Similarly, D’Arcy (2015: 44) provides the following example of how English speakers might construct dialogue: I said, “Is your dad gonna sell it?” And he says “Yeah, he’s gotta go.” (female, b. 1959). In the framed spoken English examples here, voice quality and/or visible bodily actions (not typically included in written transcriptions) are crucial for the moment-by-moment recognition of the speaker’s re-enactment of an earlier language event. A key difference between this example and the head-bumping example documented in Clark and Gerrig (1990) is that the head-bumping action constitutes an entirely non-conventional report: it is a ‘singular event’ during which interactants enchronically interpret a form as ‘standing for’ a meaning (Kockelman 2005; Enfield 2009). It does not have properties of conventionalised symbolism, i.e. meanings that are additional or predictable from the value of their form given a particular context (see also Johnston & Schembri 2010). Conversely, the examples from D’Arcy (2015) are more precisely depictions of prior acts of description. Yet in both cases, each depiction (via enactment) of the earlier event indexes both the original act and any subsequent depictions (Tannen 1989; Clark 1996; Ferrara & Hodge 2018).

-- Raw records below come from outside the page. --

text \<open>On S^2_+ this is z^(m-1) times the push-forward of X by wp (indeed
  D wp(u,v) h = z (h - <q,h> q) with q = wp(u,v), z = 1/sqrt(u^2+v^2+1)), and it is
  analytic on all of S^2, hence it is the unique analytic extension of the paper.
  Outside S^2 the formula provides a smooth (polynomial) extension to R^3, which is
  only used to speak of derivatives.\<close>
definition pcomp :: "nat \<Rightarrow> pfield \<Rightarrow> real ^ 3 \<Rightarrow> real ^ 3" where
  "pcomp m X q =
     (let H = vector [phom m (fst X) q, phom m (snd X) q, 0] :: real ^ 3
      in H - (q \<bullet> H) *\<^sub>R q)"

text \<open>U f = <grad f, U> for f = y\<close>
definition Lie_f :: "(real ^ 3 \<Rightarrow> real ^ 3) \<Rightarrow> real ^ 3 \<Rightarrow> real" where
  "Lie_f U q = U q $ 2"

text \<open>det[U,V] on the sphere: the determinant of U(q), V(q) in the oriented tangent
  plane T_q S^2, i.e. the 3x3 determinant with rows U(q), V(q), q.\<close>
definition detUV :: "(real ^ 3 \<Rightarrow> real ^ 3) \<Rightarrow> (real ^ 3 \<Rightarrow> real ^ 3) \<Rightarrow> real ^ 3 \<Rightarrow> real" where
  "detUV U V q = det (vector [U q, V q, q] :: real ^ 3 ^ 3)"

definition Dcurve :: "real \<Rightarrow> real ^ 3" where
  "Dcurve \<theta> = vector [cos \<theta>, 0, sin \<theta>]"

definition filippov_singular :: "(real ^ 3 \<Rightarrow> real ^ 3) \<Rightarrow> (real ^ 3 \<Rightarrow> real ^ 3) \<Rightarrow> real ^ 3 \<Rightarrow> bool" where
  "filippov_singular U V p \<longleftrightarrow>
     p \<in> sphere2 \<and> p $ 2 = 0 \<and> Lie_f U p * Lie_f V p < 0 \<and> detUV U V p = 0"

Enactment is also used by signers – though typically through the coordination of visible bodily actions produced with the body, mouth, head and arms (i.e. not with speech) (e.g. Quinto-Pozos 2007; Cormier et al. 2013; Ferrara & Johnston 2014). Signers often rely on enactment to show and imply semantic relations between participants and events, for example, sometimes without any explicit lexical or morphosyntactic (i.e. conventionalised) encoding of these relations (Hodge & Johnston 2014). Figure 1, an example from Auslan (a deaf signed language of Australia), illustrates how signers may integrate conventionalised descriptive semiotics with co-occurring and highly improvised depictive enactment. Here a signer produces the lexical Auslan sign BOY, and then uses his hands and body to visibly enact the boy looking into a round hole in the ground, i.e. literally boy [demonstration of looking into a hole in the ground] (Ferrara & Johnston 2014: 206). Note the schematic similarity of this example with the earlier example from Clark and Gerrig (1990): both involve a lexical description which frames or indexes a visible bodily depiction.

Figure 1: Constructed action framed via lexical sign BOY (Ferrara & Johnston 2014: 206).
Figure 1:

Constructed action framed via lexical sign BOY (Ferrara & Johnston 2014: 206).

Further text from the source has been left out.